Go line by line through the entries and show those that hold the string "gives".

Record excerpts:
===

(* For $n\geq 3$, $$b(n)=2+n+\sum_{k=2}^{n}\binom{n}{k}\, b_{-}(k).$$ Furthermore, $b_{-}(2)=2$, and for all $k\geq 3$, $$b_{-}(k)=b_{-}^{-}(k)+2+\sum_{i=2}^{k-1}\binom{k}{i}\, b_{-}(i).$$
   Context: For $n\in\mathbb{N}$, the Boolean lattice $B(n)$ is the set of binary words of length $n$ ordered coordinatewise (i.e. $B(n)=\mathbf{2}^n$ with $\mathbf{2}$ the chain $0<1$). For $0\leq \ell\leq n$, the level $L_\ell(n)$ is the set of words with exactly $\ell$ ones. For $n\geq 2$, $B_{-}(n):=\bigcup_{i=2}^n L_i(n)$ and $B^{-}(n):=\bigcup_{i=0}^{n-2}L_i(n)$, and for $n\geq 3$, $B_{-}^{-}(n):=\bigcup_{i=2}^{n-2}L_i(n)$, each with the induced order. For a finite poset $P$, $d(P)$ is the number of down-sets of $P$ (subsets closed under going down, including the empty set). Set $b(n):=d(B(n))$ (the $n$-th Dedekind number), $b_{-}(n):=d(B_{-}(n))$, $b_{-}^{-}(n):=d(B_{-}^{-}(n))$. *)

theory Defs
  imports Main
begin

(* A binary word w of length n is encoded by the set of positions i < n where w has a 1.
   The coordinatewise order on words corresponds to set inclusion. *)
definition boolean_lattice :: "nat \<Rightarrow> nat set set" where
  "boolean_lattice n = Pow {..<n}"

definition level :: "nat \<Rightarrow> nat \<Rightarrow> nat set set" where
  "level l n = {w \<in> boolean_lattice n. card w = l}"

definition B_lower :: "nat \<Rightarrow> nat set set" where
  "B_lower n = (\<Union>i\<in>{2..n}. level i n)"

definition B_lower_upper :: "nat \<Rightarrow> nat set set" where
  "B_lower_upper n = (\<Union>i\<in>{2..n-2}. level i n)"

(* down-sets of the subposet P (order = inclusion), including the empty set *)
definition down_sets :: "nat set set \<Rightarrow> nat set set set" where
  "down_sets P = {D. D \<subseteq> P \<and> (\<forall>x\<in>D. \<forall>y\<in>P. y \<subseteq> x \<longrightarrow> y \<in> D)}"

definition num_down_sets :: "nat set set \<Rightarrow> nat" where
  "num_down_sets P = card (down_sets P)"

definition b :: "nat \<Rightarrow> nat" where
  "b n = num_down_sets (boolean_lattice n)"

definition b_lower :: "nat \<Rightarrow> nat" where
  "b_lower n = num_down_sets (B_lower n)"

definition b_lower_upper :: "nat \<Rightarrow> nat" where
  "b_lower_upper n = num_down_sets (B_lower_upper n)"

end

theory Submission
  imports Defs
begin

text \<open>
  Group the down-sets \<open>D\<close> of \<open>B(n) = Pow N\<close> by their set of atoms \<open>S = {i. {i} \<in> D}\<close>.
  Then \<open>D \<subseteq> Pow S\<close>; for \<open>S = {}\<close> there are the two down-sets \<open>{}\<close> and \<open>{{}}\<close>, and for
  \<open>S \<noteq> {}\<close> the part of \<open>D\<close> above level 1 is an arbitrary down-set of levels \<open>2..|S|\<close> of
  \<open>Pow S\<close>, so there are \<open>b_lower |S|\<close> of them (and \<open>b_lower 1 = 1\<close>). Summing over \<open>S\<close>
  gives the formula for \<open>b n\<close>.

  The duality \<open>D \<mapsto> {N - x | x. x \<notin> D}\<close> exchanges the down-sets missing an atom with those
  containing a coatom \<open>N - {j}\<close>. Down-sets containing all atoms but no coatom are down-sets
  of \<open>B_lower_upper n\<close> (again above level 1), and those containing a coatom but missing an
  atom are exactly the \<open>n\<close> sets \<open>Pow (N - {j})\<close>. Counting gives
  \<open>b n + b_lower_upper n = 2 * b_lower n + n\<close>, which together with the first formula is
  the recursion for \<open>b_lower\<close>.
\<close>

lemma down_setsI:
  assumes "D \<subseteq> P" and "\<And>x y. x \<in> D \<Longrightarrow> y \<in> P \<Longrightarrow> y \<subseteq> x \<Longrightarrow> y \<in> D"
  shows "D \<in> down_sets P"
  using assms unfolding down_sets_def by blast

lemma down_sets_subset: "D \<in> down_sets P \<Longrightarrow> D \<subseteq> P"
  unfolding down_sets_def by blast

lemma down_setsD: "D \<in> down_sets P \<Longrightarrow> x \<in> D \<Longrightarrow> y \<in> P \<Longrightarrow> y \<subseteq> x \<Longrightarrow> y \<in> D"
  unfolding down_sets_def by blast

lemma finite_down_sets: "finite P \<Longrightarrow> finite (down_sets P)"
  by (rule finite_subset[of _ "Pow P"]) (auto dest: down_sets_subset)

lemma down_sets_Int:
  assumes "D \<in> down_sets P" and "L \<subseteq> P"
  shows "D \<inter> L \<in> down_sets L"
  by (rule down_setsI) (use assms in \<open>auto intro: down_setsD\<close>)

===

Result:
  gives the formula for \<open>b n\<close>.
  atom are exactly the \<open>n\<close> sets \<open>Pow (N - {j})\<close>. Counting gives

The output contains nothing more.